■ **INSTRUCTIONS TO FOLLOW**: Could you report every line of the listing below that holds the word "noteq"?

■ **THE DATA**:
»»

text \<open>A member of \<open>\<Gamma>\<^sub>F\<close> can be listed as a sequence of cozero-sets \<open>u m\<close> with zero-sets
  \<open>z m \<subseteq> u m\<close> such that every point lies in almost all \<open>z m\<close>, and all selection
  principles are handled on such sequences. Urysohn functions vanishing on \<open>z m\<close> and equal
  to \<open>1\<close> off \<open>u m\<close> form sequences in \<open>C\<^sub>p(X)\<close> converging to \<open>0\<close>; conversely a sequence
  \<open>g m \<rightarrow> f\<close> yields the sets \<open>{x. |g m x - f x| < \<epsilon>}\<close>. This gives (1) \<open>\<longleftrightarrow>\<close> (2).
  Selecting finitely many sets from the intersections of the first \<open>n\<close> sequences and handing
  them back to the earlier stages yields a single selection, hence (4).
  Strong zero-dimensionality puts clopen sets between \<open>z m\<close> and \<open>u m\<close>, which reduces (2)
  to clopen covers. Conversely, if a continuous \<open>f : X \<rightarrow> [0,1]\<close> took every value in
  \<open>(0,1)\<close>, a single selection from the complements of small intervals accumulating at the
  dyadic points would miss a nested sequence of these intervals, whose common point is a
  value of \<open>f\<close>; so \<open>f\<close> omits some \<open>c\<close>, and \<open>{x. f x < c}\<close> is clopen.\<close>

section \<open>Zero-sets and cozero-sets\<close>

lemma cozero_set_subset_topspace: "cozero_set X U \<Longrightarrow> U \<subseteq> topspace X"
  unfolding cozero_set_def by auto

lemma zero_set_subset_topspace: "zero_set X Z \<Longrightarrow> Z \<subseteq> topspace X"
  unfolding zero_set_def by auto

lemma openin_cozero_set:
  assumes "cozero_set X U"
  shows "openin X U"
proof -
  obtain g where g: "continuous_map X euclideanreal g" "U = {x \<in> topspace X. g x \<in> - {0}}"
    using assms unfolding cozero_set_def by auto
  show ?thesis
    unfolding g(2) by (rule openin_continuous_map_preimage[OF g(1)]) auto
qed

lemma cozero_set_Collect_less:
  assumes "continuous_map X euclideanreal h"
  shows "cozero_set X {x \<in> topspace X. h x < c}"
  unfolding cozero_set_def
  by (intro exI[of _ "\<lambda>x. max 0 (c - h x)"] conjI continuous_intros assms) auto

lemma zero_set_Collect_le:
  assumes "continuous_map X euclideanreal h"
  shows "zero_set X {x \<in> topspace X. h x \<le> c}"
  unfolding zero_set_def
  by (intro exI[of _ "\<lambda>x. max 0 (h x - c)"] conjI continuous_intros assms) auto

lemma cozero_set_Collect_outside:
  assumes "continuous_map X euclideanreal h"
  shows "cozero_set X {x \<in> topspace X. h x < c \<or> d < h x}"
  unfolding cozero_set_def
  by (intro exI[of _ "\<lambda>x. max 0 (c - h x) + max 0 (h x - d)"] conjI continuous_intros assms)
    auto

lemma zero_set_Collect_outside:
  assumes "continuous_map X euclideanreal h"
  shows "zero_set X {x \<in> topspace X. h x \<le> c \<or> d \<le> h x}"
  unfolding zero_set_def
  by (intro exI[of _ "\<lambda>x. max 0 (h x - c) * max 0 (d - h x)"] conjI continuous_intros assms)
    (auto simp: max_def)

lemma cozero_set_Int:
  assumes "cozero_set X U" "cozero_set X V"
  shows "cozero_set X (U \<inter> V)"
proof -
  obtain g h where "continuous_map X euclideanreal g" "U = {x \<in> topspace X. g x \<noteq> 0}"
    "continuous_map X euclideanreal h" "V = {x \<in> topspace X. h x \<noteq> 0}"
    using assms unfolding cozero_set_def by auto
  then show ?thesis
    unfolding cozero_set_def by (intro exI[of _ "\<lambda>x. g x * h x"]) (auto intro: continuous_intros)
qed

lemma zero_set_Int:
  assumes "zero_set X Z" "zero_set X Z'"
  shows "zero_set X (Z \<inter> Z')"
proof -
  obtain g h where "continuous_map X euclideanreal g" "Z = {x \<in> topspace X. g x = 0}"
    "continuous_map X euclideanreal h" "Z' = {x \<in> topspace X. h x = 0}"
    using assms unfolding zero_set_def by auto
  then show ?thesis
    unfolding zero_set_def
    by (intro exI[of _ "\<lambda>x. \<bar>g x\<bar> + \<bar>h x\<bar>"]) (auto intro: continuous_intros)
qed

««

■ **YOUR SOLUTION**:
  obtain g h where "continuous_map X euclideanreal g" "U = {x \<in> topspace X. g x \<noteq> 0}"
    "continuous_map X euclideanreal h" "V = {x \<in> topspace X. h x \<noteq> 0}"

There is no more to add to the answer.